In how many lines of the records below does the word "real" appear? Reply with the number only.

(Stored items)
+===+

lemma measurable_stamp:
  "(\<And>i. i \<le> k \<Longrightarrow> tau i \<in> measurable M (count_space UNIV)) \<Longrightarrow>
    stamp tau k \<in> measurable M (count_space UNIV)"
  unfolding stamp_def by (rule measurable_compose[OF measurable_zeta measurable_count_space])

section \<open>The closed loop\<close>

locale closed_loop =
  fixes A :: "real^'n^'n" and B :: "real^'m^'n" and L :: "nat \<Rightarrow> real^'n^'m"
    and m0 :: "real^'n" and x0 :: "'w \<Rightarrow> real^'n" and w :: "nat \<Rightarrow> 'w \<Rightarrow> real^'n"
    and tau :: "nat \<Rightarrow> 'w \<Rightarrow> nat" and delta :: "nat \<Rightarrow> 'w \<Rightarrow> bool"
begin

abbreviation "X \<equiv> cl_state A B L m0 x0 w tau delta"
abbreviation "Xhat \<equiv> cl_est A B L m0 x0 w tau delta"
abbreviation "U \<equiv> cl_input A B L m0 x0 w tau delta"

lemma cl_hist_stable:
  "j \<le> k \<Longrightarrow> cl_hist A B L m0 x0 w tau delta k \<omega> j = cl_hist A B L m0 x0 w tau delta j \<omega> j"
proof (induction k)
  case (Suc k)
  then show ?case by (cases "j = Suc k") (simp_all add: Let_def)
qed simp

lemma cl_hist_fst: "j \<le> k \<Longrightarrow> fst (cl_hist A B L m0 x0 w tau delta k \<omega> j) = X j \<omega>"
  by (simp only: cl_hist_stable[of j k] cl_state_def)

lemma cl_hist_snd: "j \<le> k \<Longrightarrow> snd (cl_hist A B L m0 x0 w tau delta k \<omega> j) = Xhat j \<omega>"
  by (simp only: cl_hist_stable[of j k] cl_est_def)

lemma cl_state_0: "X 0 \<omega> = x0 \<omega>"
  and cl_est_0: "Xhat 0 \<omega> = m0"
  by (simp_all add: cl_state_def cl_est_def)

lemma cl_input_eq: "U k = (\<lambda>\<omega>. - (L k *v Xhat k \<omega>))"
  by (simp add: fun_eq_iff cl_input_def)
lemma sum_choose_Suc_mult_pow:
  fixes K :: nat
  shows "(\<Sum>i\<le>Suc e. (Suc n choose i) * K ^ i)
    = (\<Sum>i\<le>Suc e. (n choose i) * K ^ i) + K * (\<Sum>i\<le>e. (n choose i) * K ^ i)"
proof (induction e)
  case 0
  then show ?case by simp
next
  case (Suc e)
  then show ?case by (simp add: algebra_simps)
qed

lemma card_restrictions_le_sum_choose:
  fixes H :: "('a \<Rightarrow> 'b::finite) set"
  assumes "finite Q" "\<And>S. S \<subseteq> Q \<Longrightarrow> N_shatters H S \<Longrightarrow> card S \<le> d"
  shows "card (restrictions H Q) \<le> (\<Sum>i\<le>d. (card Q choose i) * (CARD('b) * (CARD('b) - 1)) ^ i)"
  using assms
proof (induction Q arbitrary: H d rule: finite_induct)
  case empty
  have "restrictions H {} \<subseteq> {\<lambda>_. undefined}" unfolding restrictions_def by auto
  from card_mono[OF _ this] have "card (restrictions H {}) \<le> 1" by simp
  moreover have "(\<Sum>i\<le>d. (card {} choose i) * K ^ i) = 1" for K :: nat
    by (induction d) auto
  ultimately show ?case by simp
next
  case (insert x Q)
  define K where "K = CARD('b) * (CARD('b) - 1)"
  define P where "P = {(a :: 'b, b). a \<noteq> b}"
  have twins_N_shatters: "Suc (card S) \<le> d"
    if "(a, b) \<in> P" "S \<subseteq> Q" "N_shatters (twins H Q x a b) S" for a b S
  proof -
    have "N_shatters H (insert x S)"
      using that insert.hyps(2) unfolding P_def by (intro N_shatters_insert_if_N_shatters_twins[of S Q]) auto
    moreover have "insert x S \<subseteq> insert x Q" using that(2) by blast
    ultimately have "card (insert x S) \<le> d" using insert.prems(1) by simp
    moreover have "x \<notin> S" "finite S" using that(2) insert.hyps by (auto intro: finite_subset)
    ultimately show ?thesis by simp
  qed
  have step: "card (restrictions H (insert x Q)) \<le> card (restrictions H Q)
      + (\<Sum>(a, b)\<in>P. card (restrictions (twins H Q x a b) Q))"
    unfolding P_def using insert.hyps(1) by (rule card_restrictions_insert_le)
  have IH_H: "card (restrictions H Q) \<le> (\<Sum>i\<le>d. (card Q choose i) * K ^ i)"
    unfolding K_def using insert.prems by (intro insert.IH) auto
  show ?case
  proof (cases d)
    case 0
    have "twins H Q x a b = {}" if "(a, b) \<in> P" for a b
      using twins_N_shatters[OF that, of "{}"] 0 unfolding N_shatters_def by auto
    then have "(\<Sum>(a, b)\<in>P. card (restrictions (twins H Q x a b) Q)) = 0"
      unfolding restrictions_def by (auto intro: sum.neutral)
    then show ?thesis using step IH_H 0 by simp
  next
    case (Suc e)
    have IH_twins: "card (restrictions (twins H Q x a b) Q) \<le> (\<Sum>i\<le>e. (card Q choose i) * K ^ i)"
      if "(a, b) \<in> P" for a b
      unfolding K_def using twins_N_shatters[OF that] Suc by (intro insert.IH) auto
    have "(\<Sum>(a, b)\<in>P. card (restrictions (twins H Q x a b) Q))
        \<le> (\<Sum>_\<in>P. \<Sum>i\<le>e. (card Q choose i) * K ^ i)"
      by (intro sum_mono) (use IH_twins in auto)
    also have "\<dots> = card P * (\<Sum>i\<le>e. (card Q choose i) * K ^ i)" by simp
    also have "card P = K" unfolding P_def K_def by (rule card_pairs_neq)
    finally have "card (restrictions H (insert x Q))
        \<le> (\<Sum>i\<le>Suc e. (card Q choose i) * K ^ i) + K * (\<Sum>i\<le>e. (card Q choose i) * K ^ i)"
      using step IH_H unfolding Suc by linarith
    also have "\<dots> = (\<Sum>i\<le>d. (card (insert x Q) choose i) * K ^ i)"
      unfolding Suc card_insert_disjoint[OF insert.hyps] sum_choose_Suc_mult_pow ..
    finally show ?thesis unfolding K_def .
  qed
qed
lemma F20_recurrence_p_pm: "F20_recurrence (s / 2) (of_nat k) (of_nat l) (p_pm s k l)"
proof -
  have "of_nat (Suc j) * coeff (p_pm s k l) (Suc j)
      = s ^ Suc j / 2 ^ Suc j * fact j
        * (of_nat (Suc j) * of_nat (k choose Suc j)) * (of_nat (Suc j) * of_nat (l choose Suc j))" for j
    by (simp add: coeff_p_pm fact_Suc algebra_simps del: of_nat_Suc)
  also have "\<dots> j = s / 2 * (of_nat k - of_nat j) * (of_nat l - of_nat j) * coeff (p_pm s k l) j" for j
    unfolding of_nat_Suc_mult_choose_Suc coeff_p_pm by (simp add: field_simps)
  finally show ?thesis unfolding F20_recurrence_def by blast
qed

lemma F20_recurrence_if_Dplus_add_Dminus_eq_0:
  fixes a b mu nu :: complex
  defines "A \<equiv> mu + a - b/2 - 1" and "B \<equiv> nu + b - a/2 - 1"
  assumes "a \<noteq> 0" and "b \<noteq> 0" and "a \<noteq> b" and c0: "coeff p 0 \<noteq> 0"
    and sum: "Dplus a b mu p + Dminus b a nu p = 0"
  shows "A * a + B * b = 0 \<and> (\<exists>q. q * (A + B) = (a - b) / 4 \<and> F20_recurrence q a b p)"
proof -
  have "(A * a + B * b) * coeff p 0 = 0"
    using coeff_Dplus_add_Dminus_0[of a b mu p nu] sum by (simp add: A_def B_def)
  then have AB0: "A * a + B * b = 0"
    using c0 by simp
  have sum_Suc: "of_nat (Suc j) * (A + B) * coeff p (Suc j) = (a - b) * (a - of_nat j) * (b - of_nat j) / 4 * coeff p j" for j
  proof -
    have "(A * (a - of_nat (Suc j)) + B * (b - of_nat (Suc j))) * coeff p (Suc j)
        + (a - b) * (a - of_nat j) * (b - of_nat j) / 4 * coeff p j = 0"
      using coeff_Dplus_add_Dminus_Suc[of a b mu p nu j] sum by (simp add: A_def B_def del: of_nat_Suc)
    then show ?thesis using AB0 by algebra
  qed
  have AB: "A + B \<noteq> 0"
  proof
    assume "A + B = 0"
    then show False using sum_Suc[of 0] assms(3-5) c0 by simp
  qed
  define q where "q = (a - b) / 4 / (A + B)"
  have q: "q * (A + B) = (a - b) / 4"
    using q_def nonzero_eq_divide_eq[OF AB] by blast
  have "(A + B) * (of_nat (Suc j) * coeff p (Suc j)) = (A + B) * (q * (a - of_nat j) * (b - of_nat j) * coeff p j)" for j
    using sum_Suc[of j] q by algebra
  then have "F20_recurrence q a b p"
    using AB unfolding F20_recurrence_def by simp
  with AB0 q show ?thesis by blast
qed

lemma F20_recurrence_if_Dplus_Dminus_eq_0:
  assumes "a \<noteq> 0" and "b \<noteq> 0" and "a \<noteq> b" and p: "p \<noteq> 0"
    and plus: "Dplus a b mu p = 0" and minus: "Dminus b a nu p = 0"
  shows "\<exists>q. 4 * q^2 = 1 \<and> mu + a - b/2 - 1 = - q * b \<and> nu + b - a/2 - 1 = q * a \<and> F20_recurrence q a b p"
proof -
  define A where "A = mu + a - b/2 - 1"
  define B where "B = nu + b - a/2 - 1"
  have c0: "coeff p 0 \<noteq> 0"
    using Dplus_eq_0_coeff_0_imp_eq_0[OF plus] p by blast
  obtain q where AB0: "A * a + B * b = 0" and q: "q * (A + B) = (a - b) / 4"
    and rec: "F20_recurrence q a b p"
    using F20_recurrence_if_Dplus_add_Dminus_eq_0[OF assms(1-3) c0, of mu nu] plus minus
    unfolding A_def B_def by auto
  have "(A + q * b) * a * coeff p 0 = 0"
    using coeff_Dplus_0[of a b mu p] rec[unfolded F20_recurrence_def, rule_format, of 0] plus
    by (simp add: A_def algebra_simps)
  then have "A + q * b = 0"
    using assms(1) c0 by simp
  then have A: "A = - q * b"
    by algebra
  have "(B - q * a) * b = 0"
    using AB0 A by (simp add: algebra_simps)
  then have B: "B = q * a"
    using assms(2) by simp
  have "(4 * q^2 - 1) * (a - b) = 0"
    using q unfolding A B by algebra
  then have "4 * q^2 = 1"
    using assms(3) by simp
  with A B rec show ?thesis unfolding A_def B_def by blast
qed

+===+

--- Answer section ---
2